I successfully tested the planned upgrade from 9.0 to 9.4 in the staging 
environment, but because the live database requires more than 5 seconds 
to properly shutdown, pg_upgradecluster died very early with a 
nondescript error message, costing me more than an hour hunting down 
thesource of the problem while production was suffering a scheduled, yet 
prolonged downtime. The following was its death note:


 8 
Stopping old cluster...
pg_ctl: server does not shut down
Error: Could not stop old cluster
 8 

After some frantic digging, I solved the problem by temporarily 
monkey-patching /usr/bin/pg_upgradecluster to stop the old cluster like 
presented below:



 8 
# stopping old cluster, so that we notice early when there are still
# connections
if ($info{'running'}) {
get_encoding $version, $cluster;
print Stopping old cluster...\n;
my @argv = ('pg_ctlcluster', $version, $cluster, 'stop', '-m', 
'fast', '--');

push @argv, ('-t', '30') if $version = '8.4';
error Could not stop old cluster if system @argv;
}
 8 

I'm not sure what the reason for the (original; I changed it to 30 to 
get it to work with our setup and workload) 5s timeout being there is 
(and I don't think that trick with passing additional argv elements 
after a double-dash down to pg_upgrade is documented anywhere?!); maybe 
it should just get removed instead of relying on total guesswork about 
how long it could take to stop a user's cluster (esp. in the default 
smart mode, 5s seems VERY unlikely for busy servers).


Thanks very much for taking note of this problem, and trying to help fix it!
--
Mit freundlichen Grüßen
Johannes Truschnigg
Senior System Administrator
--
mailto:johannes.truschn...@geizhals.at (in dringenden Fällen bitte an 
i...@geizhals.at)


Geizhals(R) - Preisvergleich Internet Services AG
Obere Donaustrasse 63/2
A-1020 Wien
Tel: +43 1 5811609/87
Fax: +43 1 5811609/55
http://geizhals.at = Preisvergleich für Österreich
http://geizhals.de = Preisvergleich für Deutschland
http://geizhals.eu = Preisvergleich EU-weit
Handelsgericht Wien | FN 197241K | Firmensitz Wien



Bug#756008: postgresql-common: pg_upgradecluster 9.3 - 9.4 fails

2014-07-29 Thread Thorsten Glaser
On Mon, 28 Jul 2014, Christoph Berg wrote:

  So, how d̲o̲ I recover from this without making things worse, now?
 
 You can just start the old cluster again. (The only thing that could
 be changed there are the port number and start.conf, but judging from
 the errors you got it died way before that point.)

OK, thank you.

Starting needed me to *stop* the old cluster (using the init script)
in the first place, judging from “ps ax” output… apparently, there
were several Akonadi sessions still open.
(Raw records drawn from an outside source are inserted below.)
lemma qpoch_rpowc_neg_nat_rescaled:
  assumes "0 < q"
  shows "qpoch (rpowc q (- of_nat n)) q k * (-1) ^ k * of_real (q powr real (k choose 2))
           * of_real (q ^ n) ^ k
         = of_real (\<Prod>j<k. q ^ j * q ^ j - q ^ n * q ^ j)"
proof (induction k)
  case 0
  then show ?case using assms by (simp add: qpoch_def binomial_eq_0)
next
  case (Suc k)
  have "rpowc q (- of_nat n) = of_real (inverse (q ^ n))"
    using rpowc_of_real[OF assms, of "- real n"] assms by (simp add: powr_minus powr_realpow)
  then have "qpoch (rpowc q (- of_nat n)) q (Suc k) * (-1) ^ Suc k
        * of_real (q powr real (Suc k choose 2)) * of_real (q ^ n) ^ Suc k
      = (qpoch (rpowc q (- of_nat n)) q k * (-1) ^ k * of_real (q powr real (k choose 2))
          * of_real (q ^ n) ^ k) * of_real ((1 - inverse (q ^ n) * q ^ k) * (- (q ^ k * q ^ n)))"
    by (simp add: qpoch_Suc powr_choose2_Suc[OF assms] mult_ac)
  also have "(1 - inverse (q ^ n) * q ^ k) * (- (q ^ k * q ^ n)) = q ^ k * q ^ k - q ^ n * q ^ k"
    using assms by (simp add: field_simps)
  finally show ?case
    using Suc by simp
qed

lemma abs_prod_qpow_diff_le:
  fixes q :: real
  assumes "0 < q" "q < 1"
  shows "\<bar>\<Prod>j<k. q ^ j * q ^ j - q ^ n * q ^ j\<bar> \<le> (\<Prod>j<k. q ^ j * q ^ j)"
proof (cases "n < k")
  case True
  then have vanishes: "(\<Prod>j<k. q ^ j * q ^ j - q ^ n * q ^ j) = 0"
    by (intro prod_zero) auto
  have "0 \<le> (\<Prod>j<k. q ^ j * q ^ j)"
    using assms by (intro prod_nonneg) auto
  then show ?thesis
    unfolding vanishes by simp
next
  case False
  then have factor_bounds: "0 \<le> q ^ j * q ^ j - q ^ n * q ^ j \<and> q ^ j * q ^ j - q ^ n * q ^ j \<le> q ^ j * q ^ j"
    if "j < k" for j
    using assms that power_decreasing[of j n q] by (auto intro!: mult_right_mono)
  then have "0 \<le> (\<Prod>j<k. q ^ j * q ^ j - q ^ n * q ^ j)"
    by (intro prod_nonneg) auto
  moreover have "(\<Prod>j<k. q ^ j * q ^ j - q ^ n * q ^ j) \<le> (\<Prod>j<k. q ^ j * q ^ j)"
    using factor_bounds by (intro prod_mono) auto
  ultimately show ?thesis
    by simp
qed

lemma prod_qpow_diff_tendsto:
  fixes q :: real
  assumes "\<bar>q\<bar> < 1"
  shows "(\<lambda>n. \<Prod>j<k. q ^ j * q ^ j - q ^ n * q ^ j) \<longlonglongrightarrow> (\<Prod>j<k. q ^ j * q ^ j)"
proof -
  have "(\<lambda>n. \<Prod>j<k. q ^ j * q ^ j - q ^ n * q ^ j) \<longlonglongrightarrow> (\<Prod>j<k. q ^ j * q ^ j - 0 * q ^ j)"
    using assms by (intro tendsto_intros LIMSEQ_power_zero) auto
  then show ?thesis
    by simp
qed

lemma qhyp_rescaled_terminating_eq:
  fixes q :: real
  assumes "0 < q"
  shows "qhyp (rpowc q (- of_nat n) # map (\<lambda>j. rpowc q (of_real (a j * real n) + b j)) [1..<s])
              (x # map (\<lambda>j. rpowc q (of_real (c j * real n) + d j)) [1..<s])
              q (of_real (q ^ n) * z)
       = (\<Sum>k. of_real (\<Prod>j<k. q ^ j * q ^ j - q ^ n * q ^ j)
               * ((\<Prod>j\<in>{1..<s}. qpoch (rpowc q (of_real (a j * real n) + b j)) q k)
                 / (\<Prod>j\<in>{1..<s}. qpoch (rpowc q (of_real (c j * real n) + d j)) q k))
               * (1 / (qpoch x q k * qpoch (of_real q) q k)) * z ^ k)"
  unfolding qhyp_def Let_def
proof (rule suminf_cong, goal_cases)
  case (1 k)
  have terminating_factor: "qpoch (rpowc q (- of_nat n)) q k * (-1) ^ k * of_real (q powr real (k choose 2))
          * (of_real q ^ n) ^ k
      = (\<Prod>j<k. of_real q ^ j * of_real q ^ j - of_real q ^ n * of_real q ^ j)"
    using qpoch_rpowc_neg_nat_rescaled[OF assms, of n k] by simp
  show ?case
    by (simp add: map_map o_def power_mult_distrib power_int_of_nat
        flip: terminating_factor prod.distinct_set_conv_list)
      (simp add: mult_ac)
qed

lemma qhyp_0phi1_eq_power_series:
  fixes q :: real
  assumes "0 < q"
  shows "qhyp [] [x] q z
       = (\<Sum>k. of_real (\<Prod>j<k. q ^ j * q ^ j) * (1 / (qpoch x q k * qpoch (of_real q) q k)) * z ^ k)"
  unfolding qhyp_def Let_def
  by (intro suminf_cong) (simp add: powr_two_choose2[OF assms] power_int_of_nat)

lemma summable_0phi1_majorant:
  fixes q :: real
  assumes q: "0 < q" "q < 1"
  shows "summable (\<lambda>k. (\<Prod>j<k. q ^ j * q ^ j) * norm (1 / (qpoch x q k * qpoch (of_real q) q k)) * R ^ k)"
proof -
  define W where "W k = (\<Prod>j<k. q ^ j * q ^ j) * norm (1 / (qpoch x q k * qpoch (of_real q) q k)) * \<bar>R\<bar> ^ k" for k
  define den where "den k = norm (1 - x * of_real (q ^ k)) * norm (1 - (of_real q :: complex) * of_real (q ^ k))" for k
  have W_nonneg: "W k \<ge> 0" for k
    unfolding W_def using q by (intro mult_nonneg_nonneg prod_nonneg) auto
  have "norm (1 / (qpoch x q (Suc k) * qpoch (of_real q) q (Suc k)))
        = norm (1 / (qpoch x q k * qpoch (of_real q) q k)) / den k" for k
    unfolding den_def
    by (simp add: qpoch_Suc norm_mult norm_divide divide_divide_eq_left mult_ac del: of_real_power)
  then have W_Suc: "W (Suc k) = W k * ((q ^ k * q ^ k * \<bar>R\<bar>) / den k)" for k
    unfolding W_def by (simp add: field_simps)
  have "(\<lambda>k. q ^ k) \<longlonglongrightarrow> 0"
    using q by (intro LIMSEQ_realpow_zero) auto
  then have "(\<lambda>k. norm x * q ^ k) \<longlonglongrightarrow> 0" "(\<lambda>k. q * q ^ k) \<longlonglongrightarrow> 0"
      "(\<lambda>k. q ^ k * q ^ k * \<bar>R\<bar>) \<longlonglongrightarrow> 0"
    by (auto intro: tendsto_mult_zero tendsto_mult_left_zero tendsto_mult_right_zero)
  then have "eventually (\<lambda>k. norm x * q ^ k < 1/2 \<and> q * q ^ k < 1/2 \<and> q ^ k * q ^ k * \<bar>R\<bar> < 1/8) sequentially"
    by (intro eventually_conj order_tendstoD(2)) auto
  then obtain N where N: "\<And>k. k \<ge> N \<Longrightarrow>
      norm x * q ^ k < 1/2 \<and> q * q ^ k < 1/2 \<and> q ^ k * q ^ k * \<bar>R\<bar> < 1/8"
    unfolding eventually_sequentially by blast
  have "summable W"
  proof (rule summable_ratio_test[of "1/2" N])
    fix k assume "k \<ge> N"
    have "norm (1 - x * of_real (q ^ k)) \<ge> 1/2" "norm (1 - (of_real q :: complex) * of_real (q ^ k)) \<ge> 1/2"
      using norm_triangle_ineq2[of 1 "x * of_real (q ^ k)"]
        norm_triangle_ineq2[of 1 "of_real q * of_real (q ^ k) :: complex"]
        N[OF \<open>k \<ge> N\<close>] q by (auto simp: norm_mult norm_power)
    then have "den k \<ge> 1/2 * (1/2)"
      unfolding den_def by (intro mult_mono) auto
    then have "(q ^ k * q ^ k * \<bar>R\<bar>) / den k \<le> 1/2"
      using N[OF \<open>k \<ge> N\<close>] by (simp add: divide_le_eq)
    then have "W (Suc k) \<le> W k * (1/2)"
      unfolding W_Suc by (rule mult_left_mono[OF _ W_nonneg])
    then show "norm (W (Suc k)) \<le> 1/2 * norm (W k)"
      using W_nonneg[of k] W_nonneg[of "Suc k"] by simp
  qed simp
  then show ?thesis
    by (rule summable_comparison_test') (simp add: W_def abs_mult power_abs prod_nonneg)
qed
I could then successfully upgrade the cluster.

The bug remains: pg_upgradecluster should not fail to upgrade the
cluster (it’s called as root, so it could just use the same mechanism
which the init script uses to stop it), and must not bring the DB into
such an inconsistent state. Apparently, this is nothing new, but my
(and others’) use of psql as KDE backend (instead of a non-database)
will trigger it more often now.

bye,
//mirabilos
-- 
tarent solutions GmbH
Rochusstraße 2-4, D-53123 Bonn • http://www.tarent.de/
Tel: +49 228 54881-393 • Fax: +49 228 54881-235
HRB 5168 (AG Bonn) • USt-ID (VAT): DE122264941
Geschäftsführer: Dr. Stefan Barth, Kai Ebenrett, Boris Esser, Alexander Steeg


--
To UNSUBSCRIBE, email to debian-bugs-dist-requ...@lists.debian.org
with a subject of unsubscribe. Trouble? Contact listmas...@lists.debian.org



Bug#756008: postgresql-common: pg_upgradecluster 9.3 - 9.4 fails

2014-07-28 Thread Christoph Berg
Re: Thorsten Glaser 2014-07-28 
alpine.deb.2.11.1407280950180.8...@tglase.lan.tarent.de
 On Fri, 25 Jul 2014, Thorsten Glaser wrote:
 
  What am I supposed to do now? I fear doing anything wrong
  will make the situation much worse?
 
 So, how d̲o̲ I recover from this without making things worse, now?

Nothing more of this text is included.